If he's going to survive, I...

"Oh, please, it works - 'Poison (Poison)'!

Believing in the power of the vocation I had been given, I shouted with my hands together as I prayed.

"Buh, geh...... obaaah!?

Then the demon, who still stood to stab the knife at Far Arrow, threw up blood and fell.

"'Poison'!" Poison "!" Poison "!

I screamed, anyway. Sounds like the magic of poison, unleashing its power even.

"Ugeye!

One after the other, the demon falls with suffering too. One, another. My magic, it's working!

"Buggg, Bulgaaaaaaaaaaaaaa!

But I was selflessly obsessed with screaming magic, only for the one before me. There were more than ten demons surrounding us, so naturally, there were many behind us.

The magic of poison, Poison, can only defeat one person at a time. In turn, as far as you can see.

So I can't deal with the demons behind me.

In response to a tender oddity, when he turned around in a hurry, there was already a demon right in front of him who shook up his axe and attacked him.

"- Don't give my early-arrow a hand, cockroach bastard!

The furious cry of Far Arrow was backwards, ston, and quietly, an arrow pierced the demon's forehead.

"Gu, gee......"

As he lost the momentum of the pierced arrow, his claws and demons fell back as he shook his axe high.

"Ha ha, as long as the bow is in your hand, you can afford it"

Far Arrow was laughing with a worn-out bow that the demon I knocked down in "Poison" had, which was still going to cut a thousand strings.

Wow, Far Arrow, that's cool...... I can't believe I was in love with it out of place, but the fight was already over.

"Phew, I'm glad we have enough arrows. But the power of nature is amazing."

"Far arrow... good, good..."

"I'm sorry, Early Arrow, I can't help you right away. On the contrary, I was better helped."

Freed from fear and tension, I embraced Far Arrow and cried.

The truth is, I know it was dangerous to be crying on the spot, but he kept hugging me gently, like he always did, without one disgusting face.

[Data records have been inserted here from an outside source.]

lemma uniform_attraction_omega0:
  assumes "0 < e"
  obtains J where "\<And>y. y \<in> {0..\<rho>} \<Longrightarrow> \<bar>(f ^^ J) y - \<omega>\<^sub>0\<bar> < e"
proof -
  have "{0..\<rho>} \<subseteq> {0..1}" using rho_less_1 by auto
  then have cont: "continuous_on {0..\<rho>} f" using continuous_on_f continuous_on_subset by blast
  have maps: "f ` {0..\<rho>} \<subseteq> {0..\<rho>}" using f_maps_lower by blast
  have "mono_on {0..\<rho>} (f ^^ 2)"
  proof (rule mono_onI)
    fix x y assume "x \<in> {0..\<rho>}" "y \<in> {0..\<rho>}" "x \<le> y"
    then show "(f ^^ 2) x \<le> (f ^^ 2) y"
      using f0_antimono[of x y] f0_antimono[of "f y" "f x"] f_maps_lower f_eq_f0
      by (simp add: numeral_2_eq_2)
  qed
  moreover have "continuous_on {0..\<rho>} (f ^^ 2)" by (rule continuous_on_funpow[OF cont maps])
  moreover have "(f ^^ 2) ` {0..\<rho>} \<subseteq> {0..\<rho>}" using funpow_image_subset[OF maps] .
  moreover have "\<omega>\<^sub>0 \<in> {0..\<rho>}" using omega0_in_lower by auto
  moreover have "x = \<omega>\<^sub>0" if "x \<in> {0..\<rho>}" "(f ^^ 2) x = x" for x
    using eq_omega0_if_period2 that by (simp add: numeral_2_eq_2)
  ultimately have "uniform_limit {0..\<rho>} (\<lambda>k. (f ^^ 2) ^^ k) (\<lambda>_. \<omega>\<^sub>0) sequentially"
    by (intro uniform_limit_funpow_unique_fixpoint)
  then obtain N where "\<And>y. y \<in> {0..\<rho>} \<Longrightarrow> dist (((f ^^ 2) ^^ N) y) \<omega>\<^sub>0 < e"
    using assms unfolding uniform_limit_sequentially_iff by blast
  then show ?thesis using that[of "2 * N"] by (simp add: funpow_mult dist_real_def)
qed

section \<open>Points of the inverse limit\<close>

abbreviation "X \<equiv> invlim \<rho> \<delta> \<gamma> \<alpha>"

lemma invlim_coord: "x \<in> X \<Longrightarrow> x n \<in> {0..1}"
  and invlim_f: "x \<in> X \<Longrightarrow> f (x (Suc n)) = x n"
  unfolding invlim_def by auto

lemma invlim_funpow: "x \<in> X \<Longrightarrow> (f ^^ k) (x (n + k)) = x n"
  by (induction k) (simp_all add: funpow_swap1 invlim_f)

lemma const_omega0_in_invlim: "(\<lambda>_. \<omega>\<^sub>0) \<in> X"
  unfolding invlim_def using omega0_in_lower f_omega0 rho_less_1 by auto

lemma invlim_le_rho_downward: "x \<in> X \<Longrightarrow> x (n + j) \<le> \<rho> \<Longrightarrow> x n \<le> \<rho>"
proof (induction j)
  case (Suc j)
  then have "x (n + j) \<le> \<rho>\<^sub>1"
    using f_lower_range[of "x (Suc (n + j))"] invlim_f[of x "n + j"] invlim_coord[of x] by auto
  then show ?case using Suc rho1_less_rho by simp
qed simp

lemma invlim_lower_eq_const:
  assumes x: "x \<in> X" and lower: "\<And>n. x (Suc n) \<le> \<rho>"
  shows "x = (\<lambda>_. \<omega>\<^sub>0)"
proof
  fix n
  have coord: "x k \<in> {0..\<rho>}" for k
    using invlim_coord[OF x, of k] lower[of k] invlim_le_rho_downward[OF x, of k 1] by auto
  have "\<bar>x n - \<omega>\<^sub>0\<bar> < e" if e: "0 < e" for e
  proof -
    obtain J where J: "\<And>y. y \<in> {0..\<rho>} \<Longrightarrow> \<bar>(f ^^ J) y - \<omega>\<^sub>0\<bar> < e"
      using uniform_attraction_omega0[OF e] by blast
    show ?thesis using J[OF coord[of "n + J"]] invlim_funpow[OF x, of J n] by simp
  qed
  then have "\<bar>x n - \<omega>\<^sub>0\<bar> \<le> 0" using dense_ge less_imp_le by blast
  then show "x n = \<omega>\<^sub>0" by simp
qed

lemma invlim_geometric_tail:
  assumes x: "x \<in> X" and upper: "\<rho> < x M"
  shows "1 - x (M + k) = (1 - \<rho>) ^ k * (1 - x M)"
proof (induction k)
  case (Suc k)
  have "\<rho> < x (M + Suc k)" using invlim_le_rho_downward[OF x, of M "Suc k"] upper by (meson not_le)
  then have "x (M + k) = (x (M + Suc k) - \<rho>) / (1 - \<rho>)"
    using invlim_f[OF x, of "M + k"] f_eq_upper by simp
  then have "1 - x (M + Suc k) = (1 - \<rho>) * (1 - x (M + k))"
    using rho_less_1 by (simp add: field_simps)
  then show ?case using Suc by simp
qed simp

That way, after my heart settled down, I could finally hear.

"Hey, is Far Ya's vocation 'archer' after all?

"Oh, yes, I am."

In a way, it may be natural. I keep bowing with you, too, but you stay a lousy piece of shit that doesn't improve a lot. But Far Arrow had talent. In the bow section of White Ridge School, the only person you can hang out with is Aoyagi-kun.

"But Early Arrow seems like a different kind of job."

"Ah, yeah... well, my vocation is..."

"Hayashi, if you don't want to tell me, you don't have to force me to."

"Yeah, fine, I want Far Arrow to hear it"

I'm already worried too much about Far Arrow.

But it's also true that I've said it all. Because it seemed a little hard to say.

"My vocation... is to be a magician."